Give again, word for word, every line below from the one that has "using Int_joins_skew_line[OF plane" through the one that has "using pencil(2)[OF that]", both included, and no others.

*** RECORDS FOR THE EXERCISE ***

lemma sum_card_lines_in_join_pencil_le:
  assumes ab: "a \<in> Ls" "b \<in> Ls" "a \<noteq> b"
    and P: "proj_sub 0 P" "P \<subseteq> a" "P \<subseteq> b"
    and d: "d \<in> Ls" "join a b \<inter> d \<subseteq> {0}" "lines_in (join P d) = {d}"
  shows "(\<Sum>K\<in>lines_through P. card (lines_in (join K d)) - 1) \<le> card (lines_in (join (join a b) d))"
proof -
  define F where "F K = lines_in (join K d) - {d}" for K
  have pencil: "proj_sub 1 K" "K \<subseteq> join a b" "P \<subseteq> K" if "K \<in> lines_through P" for K
  proof -
    have "K \<in> lines_in (join a b)"
      using that lines_through_eq_lines_in_join[OF ab P] by simp
    then show "proj_sub 1 K" "K \<subseteq> join a b" "P \<subseteq> K"
      using that proj_line by (simp_all add: lines_in_def lines_through_def)
  qed
  have plane: "proj_sub 2 (join a b)"
    using plane_join_meeting_lines proj_line ab P by blast
  have card_F: "card (F K) = card (lines_in (join K d)) - 1" for K
    using d(1) by (simp add: F_def lines_in_def join_upper2)
  have "F K \<inter> F K' = {}" if "K \<in> lines_through P" "K' \<in> lines_through P" "K \<noteq> K'" for K K'
  proof -
    have "join K d \<inter> join K' d = join P d"
      using Int_joins_skew_line[OF plane proj_line[OF d(1)] d(2) pencil(1)[OF that(1)]
          pencil(1)[OF that(2)] that(3) pencil(2)[OF that(1)] pencil(2)[OF that(2)] P(1)
          pencil(3)[OF that(1)] pencil(3)[OF that(2)]] .
    then have "F K \<inter> F K' \<subseteq> lines_in (join P d) - {d}"
      by (auto simp: F_def lines_in_def)
    then show ?thesis
      using d(3) by simp
  qed
  then have "(\<Sum>K\<in>lines_through P. card (F K)) = card (\<Union>K\<in>lines_through P. F K)"
    by (intro card_UN_disjoint[symmetric]) simp_all
  also have "\<dots> \<le> card (lines_in (join (join a b) d))"
  proof (intro card_mono)
    have "join K d \<subseteq> join (join a b) d" if "K \<in> lines_through P" for K
      using pencil(2)[OF that] join_upper1[of "join a b" d] join_upper2[of d "join a b"]
      by (intro join_least) auto
    then show "(\<Union>K\<in>lines_through P. F K) \<subseteq> lines_in (join (join a b) d)"
      unfolding F_def lines_in_def by blast
  qed simp
  finally show ?thesis
    by (simp add: card_F)
qed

*** End of RECORDS FOR THE EXERCISE ***

### ANSWER TO THIS TASK
      using Int_joins_skew_line[OF plane proj_line[OF d(1)] d(2) pencil(1)[OF that(1)]
          pencil(1)[OF that(2)] that(3) pencil(2)[OF that(1)] pencil(2)[OF that(2)] P(1)
          pencil(3)[OF that(1)] pencil(3)[OF that(2)]] .
    then have "F K \<inter> F K' \<subseteq> lines_in (join P d) - {d}"
      by (auto simp: F_def lines_in_def)
    then show ?thesis
      using d(3) by simp
  qed
  then have "(\<Sum>K\<in>lines_through P. card (F K)) = card (\<Union>K\<in>lines_through P. F K)"
    by (intro card_UN_disjoint[symmetric]) simp_all
  also have "\<dots> \<le> card (lines_in (join (join a b) d))"
  proof (intro card_mono)
    have "join K d \<subseteq> join (join a b) d" if "K \<in> lines_through P" for K
      using pencil(2)[OF that] join_upper1[of "join a b" d] join_upper2[of d "join a b"]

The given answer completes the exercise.